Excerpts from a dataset

________________________________________

definition is_biproduct :: "('o,'m) addcat \<Rightarrow> 'o \<Rightarrow> 'o \<Rightarrow> 'o \<Rightarrow> bool" where
  "is_biproduct C X Y W \<longleftrightarrow> (\<exists>i1 i2 p1 p2.
     i1 \<in> hom C Y X \<and> i2 \<in> hom C W X \<and> p1 \<in> hom C X Y \<and> p2 \<in> hom C X W \<and>
     cmp C p1 i1 = idm C Y \<and> cmp C p2 i2 = idm C W \<and>
     cmp C p2 i1 = mzero C Y W \<and> cmp C p1 i2 = mzero C W Y \<and>
     madd C (cmp C i1 p1) (cmp C i2 p2) = idm C X)"

definition is_additive :: "('o,'m) addcat \<Rightarrow> bool" where
  "is_additive C \<longleftrightarrow> is_preadditive C \<and> (\<exists>Z. is_zero_obj C Z) \<and>
     (\<forall>Y W. \<exists>X. is_biproduct C X Y W)"

definition idem_complete :: "('o,'m) addcat \<Rightarrow> bool" where
  "idem_complete C \<longleftrightarrow> (\<forall>A e. e \<in> hom C A A \<longrightarrow> cmp C e e = e \<longrightarrow>
     (\<exists>B r s. r \<in> hom C A B \<and> s \<in> hom C B A \<and> cmp C s r = e \<and> cmp C r s = idm C B))"

definition is_iso :: "('o,'m) addcat \<Rightarrow> 'o \<Rightarrow> 'o \<Rightarrow> 'm \<Rightarrow> bool" where
  "is_iso C A B f \<longleftrightarrow> f \<in> hom C A B \<and>
     (\<exists>g \<in> hom C B A. cmp C g f = idm C A \<and> cmp C f g = idm C B)"

definition iso_objs :: "('o,'m) addcat \<Rightarrow> 'o \<Rightarrow> 'o \<Rightarrow> bool" where
  "iso_objs C A B \<longleftrightarrow> (\<exists>f. is_iso C A B f)"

________________________________________

**What to work on**:
Up to and including the last line of the records above, print exactly every line from the one that contains "f \<in> hom C A B \<and>" onward.

**Result for this task**:
  "is_iso C A B f \<longleftrightarrow> f \<in> hom C A B \<and>
     (\<exists>g \<in> hom C B A. cmp C g f = idm C A \<and> cmp C f g = idm C B)"

definition iso_objs :: "('o,'m) addcat \<Rightarrow> 'o \<Rightarrow> 'o \<Rightarrow> bool" where
  "iso_objs C A B \<longleftrightarrow> (\<exists>f. is_iso C A B f)"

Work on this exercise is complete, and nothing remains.